Minority class achieves 99.2% mAP while majority class only gets 65.3% - Expected behavior? #22978

bee1409 · 2025-12-17T09:05:36Z

bee1409
Dec 17, 2025

I'm seeing a counter-intuitive pattern where the rarest class in my dataset significantly outperforms the most common class. Wondering if this is expected YOLOv11 behavior or if I should adjust my approach.

Dataset Characteristics

Task: Multi-class object detection (rail defects)
Classes: 5
Extreme imbalance: 108:1 ratio

Class Instances
breaks 235 ← Rarest
cracks 1,915
lightband 1,915
rails 2,063
scars 24,546 ← Most common

model: yolov11s.pt
data: data.yaml
epochs: 100
imgsz: 1280
batch: 16
device: 0

All other params: default

Class Instances Precision Recall mAP50 mAP50-95
breaks 33 0.939 1.000 0.992 0.705
cracks 127 0.943 0.976 0.986 0.710
lightband 195 0.983 0.954 0.981 0.919
rails 200 0.961 0.975 0.984 0.947
scars 2,385 0.779 0.479 0.653 0.302

all 0.921 0.877 0.919 0.717

The Pattern
Unexpected observation:

Rarest class (breaks): Nearly perfect (0.992 mAP, 1.0 recall)
Most common class (scars): Worst performance (0.653 mAP, 0.479 recall)

This contradicts typical imbalance behavior where minority classes struggle.
Visual Characteristics:

Breaks (performing well):
Sharp edges, clear discontinuities
Visually very distinctive

-Scars (performing poorly):
High intra-class variance (size, shape, appearance)

Is this expected YOLOv11 behavior?
Does YOLOv11's architecture/loss function handle well-separated minority classes better than previous versions?
Should I apply balancing strategies?
Given that 4/5 classes are already near-perfect, would typical balancing (oversample/undersample) help or hurt?
Any YOLOv11-specific recommendations?
Are there config tweaks that might specifically help the scars class without affecting others?
Adjust cls loss weight?
Use focal loss (if available)?
Different augmentation strategy?
Have others seen this pattern?
Is this a known behavior with highly imbalanced but separable data?

Context
This is for research/thesis work.
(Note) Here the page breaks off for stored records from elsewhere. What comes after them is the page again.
text \<open>Layer-cake formula, by Fubini on \<open>under_graph \<zeta>\<close>.\<close>
lemma nn_integral_level_length:
  "(\<integral>\<^sup>+ s. level_length \<zeta> s \<partial>lborel) = (\<integral>\<^sup>+ t. ennreal (\<zeta> t) * indicator {0..} t \<partial>lborel)"
proof -
  have "(\<integral>\<^sup>+ s. level_length \<zeta> s \<partial>lborel)
      = (\<integral>\<^sup>+ t. (\<integral>\<^sup>+ s. indicator (under_graph \<zeta>) (s, t) \<partial>lborel) \<partial>lborel)"
    unfolding level_length_def
    by (rule lborel_pair.Fubini'[symmetric]) (use indicator_under_graph_measurable in simp)
  also have "\<dots> = (\<integral>\<^sup>+ t. ennreal (\<zeta> t) * indicator {0..} t \<partial>lborel)"
  proof (rule nn_integral_cong)
    fix t :: real
    have "(\<lambda>s. indicator (under_graph \<zeta>) (s, t) :: ennreal)
        = (\<lambda>s. indicator {0<..\<zeta> t} s * indicator {0..} t)"
      by (auto simp: under_graph_def indicator_def)
    then show "(\<integral>\<^sup>+ s. indicator (under_graph \<zeta>) (s, t) \<partial>lborel) = ennreal (\<zeta> t) * indicator {0..} t"
      using nonneg[of t] by (simp add: nn_integral_multc)
  qed
  finally show ?thesis .
qed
Overall 91.9% mAP is quite good, but I want to understand:

Whether this is fundamentally sound
If I should focus on improving scars specifically vs. global rebalancing
Whether this tells us something about YOLOv11's behavior with imbalanced data

Additional Info

Using imgsz=1280 (not 640) due to small/subtle defects
Test set held out, these are validation results

Any insights appreciated! Especially from folks who've trained YOLOv11 on similarly imbalanced datasets.
Thanks!

UltralyticsAssistant · 2025-12-17T09:06:00Z

UltralyticsAssistant
Dec 17, 2025
Maintainer

👋 Hello @bee1409, thank you for your interest in Ultralytics 🚀! We recommend a visit to the Docs for new users where you can find many Python and CLI usage examples and where many of the most common questions may already be answered.

Thanks for sharing the detailed class stats and metrics 🙌—this kind of “minority class wins / majority class struggles” pattern can be tricky to interpret, and to help the team give you the most accurate guidance we’ll need a bit more context about your setup and data split 🔎

If this is a 🐛 Bug Report, please provide a minimum reproducible example to help us debug it.

If this is a custom training ❓ Question, please provide as much information as possible, including dataset image examples and training logs, and verify you are following our Tips for Best Training Results.

Please also include (as text) the exact command you used (CLI or Python), your data.yaml (with paths anonymized if needed), and the relevant parts of results.csv/training logs for the run you reported. If possible, add a few representative validation images showing “scars” false negatives/false positives and “breaks” true positives—this often clarifies whether it’s a labeling/definition/variance issue vs. a training configuration issue 📌

Join the Ultralytics community where it suits you best. For real-time chat, head to Discord 🎧. Prefer in-depth discussions? Check out Discourse. Or dive into threads on our Subreddit to share knowledge with the community.

Upgrade

Upgrade to the latest ultralytics package including all requirements in a Python>=3.8 environment with PyTorch>=1.8 to verify your issue is not already resolved in the latest version:

pip install -U ultralytics

Environments

YOLO may be run in any of the following up-to-date verified environments (with all dependencies including CUDA/CUDNN, Python and PyTorch preinstalled):

Notebooks with free GPU:
Google Cloud Deep Learning VM. See GCP Quickstart Guide
Amazon Deep Learning AMI. See AWS Quickstart Guide
Docker Image. See Docker Quickstart Guide

Status

If this badge is green, all Ultralytics CI tests are currently passing. CI tests verify correct operation of all YOLO Modes and Tasks on macOS, Windows, and Ubuntu every 24 hours and on every commit.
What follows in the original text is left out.